BEGIN
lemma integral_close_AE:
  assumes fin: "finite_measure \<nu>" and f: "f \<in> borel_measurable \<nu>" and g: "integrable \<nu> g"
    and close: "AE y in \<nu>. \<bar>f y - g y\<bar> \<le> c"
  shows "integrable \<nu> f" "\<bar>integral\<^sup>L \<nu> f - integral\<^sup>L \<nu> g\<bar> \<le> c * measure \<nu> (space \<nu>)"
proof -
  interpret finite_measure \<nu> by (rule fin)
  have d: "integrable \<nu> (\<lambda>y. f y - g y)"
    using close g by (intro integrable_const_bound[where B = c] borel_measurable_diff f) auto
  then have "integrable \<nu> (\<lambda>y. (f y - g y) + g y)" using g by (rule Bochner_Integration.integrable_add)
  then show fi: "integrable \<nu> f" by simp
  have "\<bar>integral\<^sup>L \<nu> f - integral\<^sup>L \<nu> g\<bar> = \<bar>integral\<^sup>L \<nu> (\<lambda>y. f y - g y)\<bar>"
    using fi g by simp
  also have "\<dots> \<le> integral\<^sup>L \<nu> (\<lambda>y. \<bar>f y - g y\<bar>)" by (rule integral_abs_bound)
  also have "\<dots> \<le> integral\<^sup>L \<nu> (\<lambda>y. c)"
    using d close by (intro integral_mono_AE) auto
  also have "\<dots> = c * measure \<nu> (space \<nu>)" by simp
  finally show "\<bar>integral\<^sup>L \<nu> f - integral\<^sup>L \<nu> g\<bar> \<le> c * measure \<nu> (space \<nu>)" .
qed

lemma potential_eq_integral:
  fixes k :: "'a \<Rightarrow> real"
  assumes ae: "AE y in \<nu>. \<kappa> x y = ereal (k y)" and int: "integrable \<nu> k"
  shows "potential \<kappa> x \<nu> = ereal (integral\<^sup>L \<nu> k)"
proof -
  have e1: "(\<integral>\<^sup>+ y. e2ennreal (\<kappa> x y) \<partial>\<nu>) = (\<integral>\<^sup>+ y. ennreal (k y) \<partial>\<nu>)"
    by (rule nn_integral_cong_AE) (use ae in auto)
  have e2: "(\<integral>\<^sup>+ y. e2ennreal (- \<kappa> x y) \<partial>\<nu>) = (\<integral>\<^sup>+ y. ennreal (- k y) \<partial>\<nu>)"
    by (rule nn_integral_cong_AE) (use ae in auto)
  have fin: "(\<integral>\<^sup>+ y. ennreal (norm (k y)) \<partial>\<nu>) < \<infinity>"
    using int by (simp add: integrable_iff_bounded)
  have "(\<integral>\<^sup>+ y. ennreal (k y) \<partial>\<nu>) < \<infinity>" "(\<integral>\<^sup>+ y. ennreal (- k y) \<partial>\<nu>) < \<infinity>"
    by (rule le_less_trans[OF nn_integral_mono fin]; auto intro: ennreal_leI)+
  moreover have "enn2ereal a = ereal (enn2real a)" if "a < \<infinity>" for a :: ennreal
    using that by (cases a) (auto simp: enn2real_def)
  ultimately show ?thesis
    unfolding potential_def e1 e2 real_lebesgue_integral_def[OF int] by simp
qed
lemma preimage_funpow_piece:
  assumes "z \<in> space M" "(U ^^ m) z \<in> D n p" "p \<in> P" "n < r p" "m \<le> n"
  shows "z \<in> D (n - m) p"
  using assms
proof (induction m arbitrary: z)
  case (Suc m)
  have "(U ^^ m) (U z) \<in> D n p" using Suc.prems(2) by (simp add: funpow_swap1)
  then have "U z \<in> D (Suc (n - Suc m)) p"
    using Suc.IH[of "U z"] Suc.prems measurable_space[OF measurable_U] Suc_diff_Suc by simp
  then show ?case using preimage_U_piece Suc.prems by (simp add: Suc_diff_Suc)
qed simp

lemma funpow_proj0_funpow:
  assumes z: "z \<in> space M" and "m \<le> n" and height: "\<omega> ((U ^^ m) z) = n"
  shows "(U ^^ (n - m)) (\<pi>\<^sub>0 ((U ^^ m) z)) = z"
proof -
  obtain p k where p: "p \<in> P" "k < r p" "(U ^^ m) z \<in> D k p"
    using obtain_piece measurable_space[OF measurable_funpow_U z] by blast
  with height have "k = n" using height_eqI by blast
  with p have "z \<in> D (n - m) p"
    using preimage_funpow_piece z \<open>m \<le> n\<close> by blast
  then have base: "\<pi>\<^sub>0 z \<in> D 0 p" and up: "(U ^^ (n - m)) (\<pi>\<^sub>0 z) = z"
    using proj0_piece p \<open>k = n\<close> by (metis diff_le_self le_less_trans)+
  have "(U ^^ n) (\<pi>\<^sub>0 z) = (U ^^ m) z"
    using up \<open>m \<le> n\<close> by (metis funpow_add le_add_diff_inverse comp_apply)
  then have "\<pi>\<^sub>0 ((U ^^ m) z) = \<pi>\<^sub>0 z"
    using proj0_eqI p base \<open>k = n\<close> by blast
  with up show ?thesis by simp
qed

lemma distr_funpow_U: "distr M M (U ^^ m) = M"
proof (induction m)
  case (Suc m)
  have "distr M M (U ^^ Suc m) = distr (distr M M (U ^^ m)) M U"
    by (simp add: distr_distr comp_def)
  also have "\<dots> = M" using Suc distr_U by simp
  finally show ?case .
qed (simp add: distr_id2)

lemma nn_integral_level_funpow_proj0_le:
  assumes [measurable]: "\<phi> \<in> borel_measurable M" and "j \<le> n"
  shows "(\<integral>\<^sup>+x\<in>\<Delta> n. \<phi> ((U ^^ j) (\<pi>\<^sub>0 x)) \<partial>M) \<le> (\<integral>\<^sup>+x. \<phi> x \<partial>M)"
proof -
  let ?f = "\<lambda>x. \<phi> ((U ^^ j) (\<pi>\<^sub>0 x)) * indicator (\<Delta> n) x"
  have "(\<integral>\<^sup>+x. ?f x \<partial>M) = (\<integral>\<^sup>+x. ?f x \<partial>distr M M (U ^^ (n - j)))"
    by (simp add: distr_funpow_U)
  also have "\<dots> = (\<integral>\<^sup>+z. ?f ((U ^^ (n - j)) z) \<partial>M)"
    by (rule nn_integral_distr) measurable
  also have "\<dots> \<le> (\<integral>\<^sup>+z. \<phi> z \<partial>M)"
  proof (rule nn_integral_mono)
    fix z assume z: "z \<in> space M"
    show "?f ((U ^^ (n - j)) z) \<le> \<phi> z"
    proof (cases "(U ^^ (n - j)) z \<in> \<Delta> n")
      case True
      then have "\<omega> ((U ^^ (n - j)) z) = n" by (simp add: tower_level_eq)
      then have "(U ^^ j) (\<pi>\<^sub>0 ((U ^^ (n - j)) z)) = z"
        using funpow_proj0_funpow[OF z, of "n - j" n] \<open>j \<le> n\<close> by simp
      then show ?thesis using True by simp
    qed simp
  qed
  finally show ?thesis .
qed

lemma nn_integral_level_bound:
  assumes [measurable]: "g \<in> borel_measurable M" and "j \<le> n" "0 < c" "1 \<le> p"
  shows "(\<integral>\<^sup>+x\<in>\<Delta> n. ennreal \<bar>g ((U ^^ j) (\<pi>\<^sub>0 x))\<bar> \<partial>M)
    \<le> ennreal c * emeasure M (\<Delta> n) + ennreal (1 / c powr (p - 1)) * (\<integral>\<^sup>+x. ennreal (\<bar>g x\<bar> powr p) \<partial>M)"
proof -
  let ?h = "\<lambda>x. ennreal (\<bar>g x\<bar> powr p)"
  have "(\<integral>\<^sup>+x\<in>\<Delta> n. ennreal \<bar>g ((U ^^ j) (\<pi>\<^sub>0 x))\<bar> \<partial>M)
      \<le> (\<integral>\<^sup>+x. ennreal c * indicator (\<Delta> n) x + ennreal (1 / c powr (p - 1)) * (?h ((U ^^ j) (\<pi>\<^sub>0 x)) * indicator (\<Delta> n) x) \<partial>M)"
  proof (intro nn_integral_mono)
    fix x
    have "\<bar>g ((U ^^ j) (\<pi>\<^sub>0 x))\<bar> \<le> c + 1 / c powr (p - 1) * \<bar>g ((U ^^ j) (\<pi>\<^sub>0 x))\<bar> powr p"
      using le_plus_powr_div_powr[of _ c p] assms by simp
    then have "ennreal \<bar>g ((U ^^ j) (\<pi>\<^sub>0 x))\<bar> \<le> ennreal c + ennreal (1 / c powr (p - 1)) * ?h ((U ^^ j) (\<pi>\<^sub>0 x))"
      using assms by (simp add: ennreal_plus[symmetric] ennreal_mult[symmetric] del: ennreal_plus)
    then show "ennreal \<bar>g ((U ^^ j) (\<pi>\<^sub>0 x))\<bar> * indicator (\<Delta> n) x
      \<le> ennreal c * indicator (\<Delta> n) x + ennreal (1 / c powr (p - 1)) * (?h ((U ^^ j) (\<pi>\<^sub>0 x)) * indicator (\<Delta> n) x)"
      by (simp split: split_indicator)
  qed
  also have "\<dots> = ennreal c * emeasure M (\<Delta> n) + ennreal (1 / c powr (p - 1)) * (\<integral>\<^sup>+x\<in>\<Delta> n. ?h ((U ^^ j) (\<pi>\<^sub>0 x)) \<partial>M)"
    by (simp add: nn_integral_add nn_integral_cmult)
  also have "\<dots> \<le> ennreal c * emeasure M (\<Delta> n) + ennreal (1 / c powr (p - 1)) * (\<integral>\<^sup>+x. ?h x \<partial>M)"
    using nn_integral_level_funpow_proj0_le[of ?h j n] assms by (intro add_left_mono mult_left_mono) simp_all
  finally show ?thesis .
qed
END
## WHAT THIS TASK INVOLVES
Scan the listing and report each line where the word "lemma" shows up.

## RESPONSE AREA
lemma integral_close_AE:
lemma potential_eq_integral:
lemma preimage_funpow_piece:
lemma funpow_proj0_funpow:
lemma distr_funpow_U: "distr M M (U ^^ m) = M"
lemma nn_integral_level_funpow_proj0_le:
lemma nn_integral_level_bound:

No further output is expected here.